Intercept cs - Cold Sore Prevention System

intercept^CS Thermal Defence Technology

Clinical study summary

Putative Mechanism of Action

intercept^CS™ is a Class II medical device that uses targeted heat therapy to prevent cold sores. The intercept^CS Thermal Defence Technology works by enhancing the cell's immune response to viral attack. In a cold sore outbreak, latent herpes simplex virus (HSV) is reactivated from where it is dormant in nerve ganglia near the upper portion of the spinal cord. The virus moves down peripheral nerves to the skin and replicates in the sensory nerve endings, causing the prodromal symptoms of tingling, itching, or burning.

intercept^CS is used at this stage to deliver heat therapy to the affected area. This results in a 'heat shock' response within the skin cells. This response is a well studied phenomenon that protects cells from stress. The production of heat shock proteins is increased in response to heat shock, and some of these proteins participate with the immune system to help recognize and eliminate virally-infected cells.

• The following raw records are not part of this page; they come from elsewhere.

lemma cross_ratio_product_square:
  fixes \<kappa> :: "'a \<Rightarrow> real" and u j :: "'i::linorder \<Rightarrow> 'a"
  assumes "finite I" "inj_on u I" "inj_on j I"
  shows "(\<Prod>(r, r')\<in>{(r, r'). r \<in> I \<and> r' \<in> I \<and> r < r'}.
            cross_ratio (\<kappa> (u r)) (\<kappa> (j r)) (\<kappa> (u r')) (\<kappa> (j r')))^2 =
         discr \<kappa> (u ` I) * discr \<kappa> (j ` I) / (\<Prod>r\<in>I. \<Prod>r'\<in>I - {r}. \<bar>\<kappa> (u r') - \<kappa> (j r)\<bar>)^2"
proof -
  let ?c = "\<lambda>r r'. \<bar>cross_ratio (\<kappa> (u r)) (\<kappa> (j r)) (\<kappa> (u r')) (\<kappa> (j r'))\<bar>"
  let ?Y = "\<Prod>r\<in>I. \<Prod>r'\<in>I - {r}. \<bar>\<kappa> (u r') - \<kappa> (j r)\<bar>"
  have "(\<Prod>(r, r')\<in>{(r, r'). r \<in> I \<and> r' \<in> I \<and> r < r'}.
            cross_ratio (\<kappa> (u r)) (\<kappa> (j r)) (\<kappa> (u r')) (\<kappa> (j r')))^2 =
        (\<Prod>(r, r')\<in>{(r, r'). r \<in> I \<and> r' \<in> I \<and> r < r'}. ?c r r')^2"
    by (simp add: abs_prod[symmetric] case_prod_beta)
  also have "\<dots> = (\<Prod>r\<in>I. \<Prod>r'\<in>I - {r}. ?c r r')"
    using prod_ordered_pairs_square[of ?c, OF _ assms(1)] by (simp add: cross_ratio_swap_pairs)
  also have "\<dots> = (\<Prod>r\<in>I. \<Prod>r'\<in>I - {r}. \<bar>\<kappa> (u r) - \<kappa> (u r')\<bar> * \<bar>\<kappa> (j r) - \<kappa> (j r')\<bar> /
                      (\<bar>\<kappa> (u r) - \<kappa> (j r')\<bar> * \<bar>\<kappa> (j r) - \<kappa> (u r')\<bar>))"
    by (simp only: abs_cross_ratio)
  also have "\<dots> = discr \<kappa> (u ` I) * discr \<kappa> (j ` I) /
                  ((\<Prod>r\<in>I. \<Prod>r'\<in>I - {r}. \<bar>\<kappa> (u r) - \<kappa> (j r')\<bar>) *
                   (\<Prod>r\<in>I. \<Prod>r'\<in>I - {r}. \<bar>\<kappa> (j r) - \<kappa> (u r')\<bar>))"
    by (simp only: discr_image[OF assms(2)] discr_image[OF assms(3)] prod_dividef prod.distrib)
  also have "(\<Prod>r\<in>I. \<Prod>r'\<in>I - {r}. \<bar>\<kappa> (u r) - \<kappa> (j r')\<bar>) = ?Y"
    by (rule prod_offdiag_swap[OF assms(1)])
  also have "(\<Prod>r\<in>I. \<Prod>r'\<in>I - {r}. \<bar>\<kappa> (j r) - \<kappa> (u r')\<bar>) = ?Y"
    by (simp add: abs_minus_commute)
  finally show ?thesis by (simp add: power2_eq_square)
qed

lemma discr_exchange:
  fixes \<kappa> :: "'a \<Rightarrow> real" and u j :: "'i::linorder \<Rightarrow> 'a"
  assumes "finite P" "finite I" "inj_on u I" "inj_on j I" "u ` I \<subseteq> P" "j ` I \<inter> P = {}"
    and "inj_on \<kappa> (P \<union> j ` I)"
  shows "discr \<kappa> (P - u ` I \<union> j ` I) / discr \<kappa> P =
    (\<bar>\<Prod>(r, r')\<in>{(r, r'). r \<in> I \<and> r' \<in> I \<and> r < r'}.
        cross_ratio (\<kappa> (u r)) (\<kappa> (j r)) (\<kappa> (u r')) (\<kappa> (j r'))\<bar> *
     (\<Prod>r\<in>I. \<Prod>q\<in>P - {u r}. \<bar>\<kappa> q - \<kappa> (j r)\<bar>) / (\<Prod>r\<in>I. \<Prod>q\<in>P - {u r}. \<bar>\<kappa> q - \<kappa> (u r)\<bar>))^2"
    (is "_ = (?C * ?B / ?D)^2")
proof -
  define R where "R = P - u ` I"
  define Y where "Y = (\<Prod>r\<in>I. \<Prod>r'\<in>I - {r}. \<bar>\<kappa> (u r') - \<kappa> (j r)\<bar>)"
  have fin: "finite R" "finite (u ` I)" "finite (j ` I)" using assms(1,2) by (simp_all add: R_def)
  have P: "P = R \<union> u ` I" "R \<inter> u ` I = {}" "R \<inter> j ` I = {}" using assms(5,6) by (auto simp: R_def)
  have inj: "inj_on \<kappa> (R \<union> u ` I)" using assms(7) P(1) by (simp add: inj_on_Un)
  have B: "?B = dist_prod \<kappa> R (j ` I) * Y"
    unfolding R_def Y_def using assms by (intro prod_dists_remove_image)
  have D: "?D = dist_prod \<kappa> R (u ` I) * discr \<kappa> (u ` I)"
    unfolding R_def discr_image[OF assms(3)] prod_dists_remove_image[OF assms(1-3,3,5)]
    by (simp add: abs_minus_commute)
  have C: "?C^2 = discr \<kappa> (u ` I) * discr \<kappa> (j ` I) / Y^2"
    unfolding power2_abs Y_def using assms(2-4) by (rule cross_ratio_product_square)
  have discr_J: "discr \<kappa> (P - u ` I \<union> j ` I) = discr \<kappa> R * discr \<kappa> (j ` I) * (dist_prod \<kappa> R (j ` I))^2"
    unfolding R_def[symmetric] using fin(1,3) P(3) by (rule discr_Un)
  have discr_P: "discr \<kappa> P = discr \<kappa> R * discr \<kappa> (u ` I) * (dist_prod \<kappa> R (u ` I))^2"
    using discr_Un[OF fin(1,2) P(2)] P(1) by simp
  have "0 < discr \<kappa> R" "0 < discr \<kappa> (u ` I)"
    using discr_pos[OF fin(1) inj_on_subset[OF inj]] discr_pos[OF fin(2) inj_on_subset[OF inj]] by simp_all
  moreover have "0 < dist_prod \<kappa> R (u ` I)" using fin(1,2) P(2) inj by (rule dist_prod_pos)
  moreover have "0 < Y"
    unfolding Y_def
  proof (intro prod_pos)
    fix r r' assume "r \<in> I" "r' \<in> I - {r}"
    then have "u r' \<in> P" "j r \<in> j ` I" "u r' \<noteq> j r" using assms(5,6) by auto
    then have "\<kappa> (u r') \<noteq> \<kappa> (j r)" by (simp add: inj_on_eq_iff[OF assms(7)])
    then show "0 < \<bar>\<kappa> (u r') - \<kappa> (j r)\<bar>" by simp
  qed
  ultimately show ?thesis unfolding discr_J discr_P B D using C
    by (simp add: power_mult_distrib power_divide) (simp add: field_simps power2_eq_square)
qed

lemma sum_exchange:
  fixes f :: "'a \<Rightarrow> 'b::ab_group_add"
  assumes "finite P" "finite I" "inj_on u I" "inj_on j I" "u ` I \<subseteq> P" "j ` I \<inter> P = {}"
  shows "(\<Sum>q\<in>P - u ` I \<union> j ` I. f q) = (\<Sum>q\<in>P. f q) + (\<Sum>r\<in>I. f (j r) - f (u r))"
proof -
  have "(\<Sum>q\<in>P. f q) = (\<Sum>q\<in>P - u ` I. f q) + (\<Sum>r\<in>I. f (u r))"
    using assms(1,3,5) by (simp add: sum.subset_diff[of "u ` I" P] sum.reindex)
  moreover have "(\<Sum>q\<in>P - u ` I \<union> j ` I. f q) = (\<Sum>q\<in>P - u ` I. f q) + (\<Sum>r\<in>I. f (j r))"
    using assms by (subst sum.union_disjoint) (auto simp: sum.reindex)
  ultimately show ?thesis by (simp add: sum_subtractf)
qed

lemma exp_phi0:
  assumes "inj_on piv {1..N}" "k \<in> {1..N}" "A k j \<noteq> 0" "j \<notin> piv ` {1..N}"
    and "inj_on \<kappa> (insert j (piv ` {1..N}))"
  shows "exp (phi0 N A \<kappa> piv k j) = \<bar>A k j\<bar> *
    (\<Prod>q\<in>piv ` {1..N} - {piv k}. \<bar>\<kappa> q - \<kappa> j\<bar>) / (\<Prod>q\<in>piv ` {1..N} - {piv k}. \<bar>\<kappa> q - \<kappa> (piv k)\<bar>)"
proof -
  have reindex: "(\<Prod>m\<in>{1..N} - {k}. h (piv m)) = (\<Prod>q\<in>piv ` {1..N} - {piv k}. h q)" for h :: "nat \<Rightarrow> real"
  proof -
    have "piv ` {1..N} - {piv k} = piv ` ({1..N} - {k})"
      using assms(1,2) by (simp add: inj_on_image_set_diff)
    moreover have "inj_on piv ({1..N} - {k})" using assms(1) by (rule inj_on_subset) auto
    ultimately show ?thesis by (simp add: prod.reindex)
  qed
  have "0 < \<bar>A k j\<bar> * (\<Prod>q\<in>piv ` {1..N} - {piv k}. \<bar>\<kappa> q - \<kappa> j\<bar>) /
            (\<Prod>q\<in>piv ` {1..N} - {piv k}. \<bar>\<kappa> q - \<kappa> (piv k)\<bar>)"
    using assms(2-5) by (intro divide_pos_pos mult_pos_pos prod_pos) (auto simp: inj_on_def)
  then show ?thesis
    unfolding phi0_def reindex[of "\<lambda>q. \<bar>\<kappa> q - \<kappa> j\<bar>"] reindex[of "\<lambda>q. \<bar>\<kappa> q - \<kappa> (piv k)\<bar>"]
    by simp
qed

lemma E_exchange:
  fixes \<kappa> :: "nat \<Rightarrow> real" and u j :: "'i::linorder \<Rightarrow> nat"
  assumes "finite P" "finite I" "inj_on u I" "inj_on j I" "u ` I \<subseteq> P" "j ` I \<inter> P = {}"
    and "strict_mono_on (P \<union> j ` I) \<kappa>"
  shows "E \<kappa> x y t (P - u ` I \<union> j ` I) / E \<kappa> x y t P =
    \<bar>\<Prod>(r, r')\<in>{(r, r'). r \<in> I \<and> r' \<in> I \<and> r < r'}.
        cross_ratio (\<kappa> (u r)) (\<kappa> (j r)) (\<kappa> (u r')) (\<kappa> (j r'))\<bar> *
     (\<Prod>r\<in>I. \<Prod>q\<in>P - {u r}. \<bar>\<kappa> q - \<kappa> (j r)\<bar>) / (\<Prod>r\<in>I. \<Prod>q\<in>P - {u r}. \<bar>\<kappa> q - \<kappa> (u r)\<bar>) *
     exp (\<Sum>r\<in>I. xi \<kappa> x y t (j r) - xi \<kappa> x y t (u r))"
    (is "_ = ?Q * exp ?\<Delta>")
proof -
  let ?J = "P - u ` I \<union> j ` I"
  have inj: "inj_on \<kappa> (P \<union> j ` I)" using assms(7) by (rule strict_mono_on_imp_inj_on)
  have "strict_mono_on ?J \<kappa>" "strict_mono_on P \<kappa>"
    by (rule monotone_on_subset[OF assms(7)], blast)+
  moreover have "finite ?J" using assms(1,2) by simp
  ultimately have "E \<kappa> x y t ?J / E \<kappa> x y t P =
      sqrt (discr \<kappa> ?J) / sqrt (discr \<kappa> P) * (exp (\<Sum>i\<in>?J. xi \<kappa> x y t i) / exp (\<Sum>i\<in>P. xi \<kappa> x y t i))"
    using assms(1) by (simp add: E_eq_sqrt_discr)
  also have "sqrt (discr \<kappa> ?J) / sqrt (discr \<kappa> P) = ?Q"
    using discr_exchange[OF assms(1-6) inj] by (simp add: real_sqrt_divide[symmetric] prod_nonneg)
  also have "exp (\<Sum>i\<in>?J. xi \<kappa> x y t i) / exp (\<Sum>i\<in>P. xi \<kappa> x y t i) = exp ?\<Delta>"
    by (simp add: sum_exchange[OF assms(1-6)] exp_add)
  finally show ?thesis .
qed

lemma exp_sum_phit:
  assumes "finite I" "inj_on piv {1..N}" "\<And>r. r \<in> I \<Longrightarrow> kr r \<in> {1..N}"
    and "\<And>r. r \<in> I \<Longrightarrow> A (kr r) (jr r) \<noteq> 0" "jr ` I \<inter> piv ` {1..N} = {}"
    and "inj_on \<kappa> (piv ` {1..N} \<union> jr ` I)"
  shows "exp (\<Sum>r\<in>I. phit N A \<kappa> x y t piv (kr r) (jr r)) =
    exp (\<Sum>r\<in>I. xi \<kappa> x y t (jr r) - xi \<kappa> x y t (piv (kr r))) *
    (\<Prod>r\<in>I. \<bar>A (kr r) (jr r)\<bar> * (\<Prod>q\<in>piv ` {1..N} - {piv (kr r)}. \<bar>\<kappa> q - \<kappa> (jr r)\<bar>) /
                (\<Prod>q\<in>piv ` {1..N} - {piv (kr r)}. \<bar>\<kappa> q - \<kappa> (piv (kr r))\<bar>))"
proof -
  have "exp (\<Sum>r\<in>I. phit N A \<kappa> x y t piv (kr r) (jr r)) =
        exp (\<Sum>r\<in>I. xi \<kappa> x y t (jr r) - xi \<kappa> x y t (piv (kr r))) *
        (\<Prod>r\<in>I. exp (phi0 N A \<kappa> piv (kr r) (jr r)))"
    unfolding phit_def phi_def sum.distrib exp_add exp_sum[OF assms(1)] ..
  also have "(\<Prod>r\<in>I. exp (phi0 N A \<kappa> piv (kr r) (jr r))) =
    (\<Prod>r\<in>I. \<bar>A (kr r) (jr r)\<bar> * (\<Prod>q\<in>piv ` {1..N} - {piv (kr r)}. \<bar>\<kappa> q - \<kappa> (jr r)\<bar>) /
                (\<Prod>q\<in>piv ` {1..N} - {piv (kr r)}. \<bar>\<kappa> q - \<kappa> (piv (kr r))\<bar>))"
  proof (rule prod.cong[OF refl])
    fix r assume r: "r \<in> I"
    then have "jr r \<notin> piv ` {1..N}" "jr r \<in> jr ` I" using assms(5) by auto
    with r show "exp (phi0 N A \<kappa> piv (kr r) (jr r)) = \<bar>A (kr r) (jr r)\<bar> *
        (\<Prod>q\<in>piv ` {1..N} - {piv (kr r)}. \<bar>\<kappa> q - \<kappa> (jr r)\<bar>) /
        (\<Prod>q\<in>piv ` {1..N} - {piv (kr r)}. \<bar>\<kappa> q - \<kappa> (piv (kr r))\<bar>)"
      by (intro exp_phi0 assms(2-4) inj_on_subset[OF assms(6)]) auto
  qed
  finally show ?thesis .
qed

In order to prevent the development of a cold sore lesion, skin cells infected by HSV must be destroyed early after the virus is reactivated from latency, before the infection progresses. Heat shock at the site of prodromal symptoms, where HSV has been reactivated, may help increase the immune response to HSV infection.

In response to heat shock, increased amounts of human heat shock proteins (HSPs) such as HSP70, HSP90, and glycoprotein 96 (gp96), are produced [1]. These HSPs find and partner with small protein fragments from inside virally infected cells. Some of these small fragments are from proteins made by the HSV virus. The HSPs deliver the viral protein fragments (antigens) to a protein on the surface of the virally-infected skin cell. This makes these cells targets for killing by the immune system; cells displaying viral antigens on their surface are recognized by a type of white blood cell called cytotoxic T cells.

The recognition of viral antigens on a cell's surface by the cytotoxic T cells causes the destruction of that cell. This early and rapid elimination of virally-infected cells prevents the virus from spreading between cells. This, in turn, leads to more rapid resolution of the viral outbreak, and a return to the latent phase, which is free of symptoms.

Reference

1. Srivastava, P.K., et al., Heat shock proteins come of age: primitive functions acquire new roles in an adaptive world. Immunity, 1998. 8(6): p. 657-65.